** Listed entries follows **

lemma integral_fooling_deriv_0_pos:
  assumes "\<And>x. 0 < w x" "continuous_on {-1..1} w"
  shows "0 < integral {-1..1} (\<lambda>x. (fooling_deriv k n 0 x) ^ p * w x)"
proof -
  obtain x0 where x0: "\<bar>x0\<bar> < 1" "poly (hermite_poly n) x0 \<noteq> 0"
    using hermite_poly_nonroot by blast
  show ?thesis
  proof (rule integral_pos_Icc[where c = x0])
    show "0 < fooling_deriv k n 0 x0 ^ p * w x0"
      using fooling_deriv_0_pos[OF x0] assms(1) by simp
    show "0 \<le> fooling_deriv k n 0 x ^ p * w x" if "x \<in> {-1..1}" for x
      using fooling_deriv_0_nonneg[of x] that assms(1)[of x] by (simp add: abs_le_iff)
    show "continuous_on {-1..1} (\<lambda>x. fooling_deriv k n 0 x ^ p * w x)"
      by (intro continuous_intros assms(2))
    show "x0 \<in> {-1..1}"
      using x0(1) by auto
  qed simp
qed

lemma gauss_integral_fooling_fun_pos: "0 < gauss_integral (fooling_fun k n 0)"
  using integral_fooling_deriv_0_pos[OF gauss_rho_pos continuous_on_gauss_rho, of k n 1]
  by (simp add: gauss_integral_fooling_fun)

lemma sobolev_norm_fooling_fun_pos: "0 < sobolev_norm \<alpha> (fooling_fun k n)"
proof -
  have "0 < (L2rho_norm (fooling_fun k n 0))\<^sup>2"
    using integral_fooling_deriv_0_pos[OF gauss_rho_pos continuous_on_gauss_rho, of k n 2]
    by (simp add: L2rho_norm_fooling_fun)
  also have "\<dots> \<le> (\<Sum>\<tau>\<le>\<alpha>. (L2rho_norm (fooling_fun k n \<tau>))\<^sup>2)"
    by (rule member_le_sum) auto
  finally show ?thesis
    unfolding sobolev_norm_def by simp
qed

lemma fooling_ratio_pos: "0 < fooling_ratio \<alpha> n"
  unfolding fooling_ratio_def
  using gauss_integral_fooling_fun_pos sobolev_norm_fooling_fun_pos by simp
(* Let $m>n$, $1<p<\infty$, $Y^m=[0,1)^m$, and let $\mathbf{R}\in\mathbb{R}^{m\times n}$ satisfy $\mathbf{R}^*k\neq0$ for all $k\in\mathbb{Z}^m\setminus\{0\}$. Then $$\mathcal{G}^p_{\mathbf{R}}:=\{w\in L^p_\#(Y^m;\mathbb{R}^n):\ \hat w_k=\lambda_k\mathbf{R}^*k\ \text{for all } k\in\mathbb{Z}^m, \text{ for some } \{\lambda_k\}_{k\in\mathbb{Z}^m}\subset\mathbb{C}\text{ with }\lambda_0=0\}$$ is a closed linear subspace of $L^p_\#(Y^m;\mathbb{R}^n)$, where $\hat w_k:=\int_{Y^m}w(y)e^{-2\pi ik\cdot y}\,dy$.
   Context: $L^p_\#(Y^m;\mathbb{R}^n)$ denotes the $Y^m$-periodic functions in $L^p_{\rm loc}(\mathbb{R}^m;\mathbb{R}^n)$, with the $L^p(Y^m)$ norm; $\mathbf{R}^*$ is the transpose of $\mathbf{R}$. *)

theory Defs
  imports "HOL-Analysis.Analysis"
begin

definition int_vec :: "real ^ 'm \<Rightarrow> bool" where
  "int_vec k \<longleftrightarrow> (\<forall>i. k $ i \<in> \<int>)"

definition unit_cell :: "(real ^ 'm) set" where
  "unit_cell = {y. \<forall>i. 0 \<le> y $ i \<and> y $ i < 1}"

text \<open>Y^m-periodic functions in L^p_loc(R^m;R^n) (represented by a periodic,
  Lebesgue-measurable representative with finite L^p(Y^m) norm).\<close>
definition Lp_per :: "real \<Rightarrow> (real ^ 'm \<Rightarrow> real ^ 'n) set" where
  "Lp_per p = {w. w \<in> borel_measurable lebesgue
     \<and> (\<forall>y z. int_vec z \<longrightarrow> w (y + z) = w y)
     \<and> set_integrable lebesgue unit_cell (\<lambda>y. norm (w y) powr p)}"

definition Lp_dist :: "real \<Rightarrow> (real ^ 'm \<Rightarrow> real ^ 'n) \<Rightarrow> (real ^ 'm \<Rightarrow> real ^ 'n) \<Rightarrow> real" where
  "Lp_dist p u v = (LINT y:unit_cell|lebesgue. norm (u y - v y) powr p) powr (1 / p)"

definition fourier_coeff :: "(real ^ 'm \<Rightarrow> real ^ 'n) \<Rightarrow> real ^ 'm \<Rightarrow> complex ^ 'n" where
  "fourier_coeff w k = (\<chi> j. LINT y:unit_cell|lebesgue.
       complex_of_real (w y $ j) * cis (- 2 * pi * (k \<bullet> y)))"

definition G_space :: "real \<Rightarrow> real ^ 'n ^ 'm \<Rightarrow> (real ^ 'm \<Rightarrow> real ^ 'n) set" where
  "G_space p R = {w \<in> Lp_per p. \<exists>lam :: real ^ 'm \<Rightarrow> complex. lam 0 = 0 \<and>
      (\<forall>k. int_vec k \<longrightarrow>
         fourier_coeff w k = lam k *s (\<chi> j. complex_of_real ((transpose R *v k) $ j)))}"

end

theory Submission
  imports Defs
begin

(* Membership in G^p_R says that w is in L^p_# and that each Fourier coefficient \<hat>w_k lies in
   the complex line C R^* k, a closed subspace of C^n.  The map w \<mapsto> \<hat>w_k is linear, and it is
   continuous for the L^p distance because on the unit cell, which has finite measure, the L^1
   norm is dominated by the L^p norm. *)

lemma le_eps_add_powr:
  fixes t e p :: real
  assumes "0 \<le> t" "1 \<le> p" "0 < e"
  shows "t \<le> e + e powr (1 - p) * t powr p"
proof (cases "t \<le> e")
  case True
  then show ?thesis using assms by (simp add: add_increasing2)
next
  case False
  then have "0 < t" using assms by simp
  have "t = e powr (1 - p) * (e powr (p - 1) * t)"
    using assms by (simp add: powr_add[symmetric])
  also have "\<dots> \<le> e powr (1 - p) * (t powr (p - 1) * t)"
    using False assms by (intro mult_left_mono mult_right_mono powr_mono2) auto
  also have "t powr (p - 1) * t = t powr p"
    using \<open>0 < t\<close> powr_add[of t "p - 1" 1] by simp
  finally show ?thesis using assms by simp
qed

** End of Listed entries **

Exercise brief | Write each line of the data down again exactly as it reads.

Written solution |
lemma integral_fooling_deriv_0_pos:
  assumes "\<And>x. 0 < w x" "continuous_on {-1..1} w"
  shows "0 < integral {-1..1} (\<lambda>x. (fooling_deriv k n 0 x) ^ p * w x)"
proof -
  obtain x0 where x0: "\<bar>x0\<bar> < 1" "poly (hermite_poly n) x0 \<noteq> 0"
    using hermite_poly_nonroot by blast
  show ?thesis
  proof (rule integral_pos_Icc[where c = x0])
    show "0 < fooling_deriv k n 0 x0 ^ p * w x0"
      using fooling_deriv_0_pos[OF x0] assms(1) by simp
    show "0 \<le> fooling_deriv k n 0 x ^ p * w x" if "x \<in> {-1..1}" for x
      using fooling_deriv_0_nonneg[of x] that assms(1)[of x] by (simp add: abs_le_iff)
    show "continuous_on {-1..1} (\<lambda>x. fooling_deriv k n 0 x ^ p * w x)"
      by (intro continuous_intros assms(2))
    show "x0 \<in> {-1..1}"
      using x0(1) by auto
  qed simp
qed

lemma gauss_integral_fooling_fun_pos: "0 < gauss_integral (fooling_fun k n 0)"
  using integral_fooling_deriv_0_pos[OF gauss_rho_pos continuous_on_gauss_rho, of k n 1]
  by (simp add: gauss_integral_fooling_fun)

lemma sobolev_norm_fooling_fun_pos: "0 < sobolev_norm \<alpha> (fooling_fun k n)"
proof -
  have "0 < (L2rho_norm (fooling_fun k n 0))\<^sup>2"
    using integral_fooling_deriv_0_pos[OF gauss_rho_pos continuous_on_gauss_rho, of k n 2]
    by (simp add: L2rho_norm_fooling_fun)
  also have "\<dots> \<le> (\<Sum>\<tau>\<le>\<alpha>. (L2rho_norm (fooling_fun k n \<tau>))\<^sup>2)"
    by (rule member_le_sum) auto
  finally show ?thesis
    unfolding sobolev_norm_def by simp
qed

lemma fooling_ratio_pos: "0 < fooling_ratio \<alpha> n"
  unfolding fooling_ratio_def
  using gauss_integral_fooling_fun_pos sobolev_norm_fooling_fun_pos by simp
(* Let $m>n$, $1<p<\infty$, $Y^m=[0,1)^m$, and let $\mathbf{R}\in\mathbb{R}^{m\times n}$ satisfy $\mathbf{R}^*k\neq0$ for all $k\in\mathbb{Z}^m\setminus\{0\}$. Then $$\mathcal{G}^p_{\mathbf{R}}:=\{w\in L^p_\#(Y^m;\mathbb{R}^n):\ \hat w_k=\lambda_k\mathbf{R}^*k\ \text{for all } k\in\mathbb{Z}^m, \text{ for some } \{\lambda_k\}_{k\in\mathbb{Z}^m}\subset\mathbb{C}\text{ with }\lambda_0=0\}$$ is a closed linear subspace of $L^p_\#(Y^m;\mathbb{R}^n)$, where $\hat w_k:=\int_{Y^m}w(y)e^{-2\pi ik\cdot y}\,dy$.
   Context: $L^p_\#(Y^m;\mathbb{R}^n)$ denotes the $Y^m$-periodic functions in $L^p_{\rm loc}(\mathbb{R}^m;\mathbb{R}^n)$, with the $L^p(Y^m)$ norm; $\mathbf{R}^*$ is the transpose of $\mathbf{R}$. *)

theory Defs
  imports "HOL-Analysis.Analysis"
begin

definition int_vec :: "real ^ 'm \<Rightarrow> bool" where
  "int_vec k \<longleftrightarrow> (\<forall>i. k $ i \<in> \<int>)"

definition unit_cell :: "(real ^ 'm) set" where
  "unit_cell = {y. \<forall>i. 0 \<le> y $ i \<and> y $ i < 1}"

text \<open>Y^m-periodic functions in L^p_loc(R^m;R^n) (represented by a periodic,
  Lebesgue-measurable representative with finite L^p(Y^m) norm).\<close>
definition Lp_per :: "real \<Rightarrow> (real ^ 'm \<Rightarrow> real ^ 'n) set" where
  "Lp_per p = {w. w \<in> borel_measurable lebesgue
     \<and> (\<forall>y z. int_vec z \<longrightarrow> w (y + z) = w y)
     \<and> set_integrable lebesgue unit_cell (\<lambda>y. norm (w y) powr p)}"

definition Lp_dist :: "real \<Rightarrow> (real ^ 'm \<Rightarrow> real ^ 'n) \<Rightarrow> (real ^ 'm \<Rightarrow> real ^ 'n) \<Rightarrow> real" where
  "Lp_dist p u v = (LINT y:unit_cell|lebesgue. norm (u y - v y) powr p) powr (1 / p)"

definition fourier_coeff :: "(real ^ 'm \<Rightarrow> real ^ 'n) \<Rightarrow> real ^ 'm \<Rightarrow> complex ^ 'n" where
  "fourier_coeff w k = (\<chi> j. LINT y:unit_cell|lebesgue.
       complex_of_real (w y $ j) * cis (- 2 * pi * (k \<bullet> y)))"

definition G_space :: "real \<Rightarrow> real ^ 'n ^ 'm \<Rightarrow> (real ^ 'm \<Rightarrow> real ^ 'n) set" where
  "G_space p R = {w \<in> Lp_per p. \<exists>lam :: real ^ 'm \<Rightarrow> complex. lam 0 = 0 \<and>
      (\<forall>k. int_vec k \<longrightarrow>
         fourier_coeff w k = lam k *s (\<chi> j. complex_of_real ((transpose R *v k) $ j)))}"

end

theory Submission
  imports Defs
begin

(* Membership in G^p_R says that w is in L^p_# and that each Fourier coefficient \<hat>w_k lies in
   the complex line C R^* k, a closed subspace of C^n.  The map w \<mapsto> \<hat>w_k is linear, and it is
   continuous for the L^p distance because on the unit cell, which has finite measure, the L^1
   norm is dominated by the L^p norm. *)

lemma le_eps_add_powr:
  fixes t e p :: real
  assumes "0 \<le> t" "1 \<le> p" "0 < e"
  shows "t \<le> e + e powr (1 - p) * t powr p"
proof (cases "t \<le> e")
  case True
  then show ?thesis using assms by (simp add: add_increasing2)
next
  case False
  then have "0 < t" using assms by simp
  have "t = e powr (1 - p) * (e powr (p - 1) * t)"
    using assms by (simp add: powr_add[symmetric])
  also have "\<dots> \<le> e powr (1 - p) * (t powr (p - 1) * t)"
    using False assms by (intro mult_left_mono mult_right_mono powr_mono2) auto
  also have "t powr (p - 1) * t = t powr p"
    using \<open>0 < t\<close> powr_add[of t "p - 1" 1] by simp
  finally show ?thesis using assms by simp
qed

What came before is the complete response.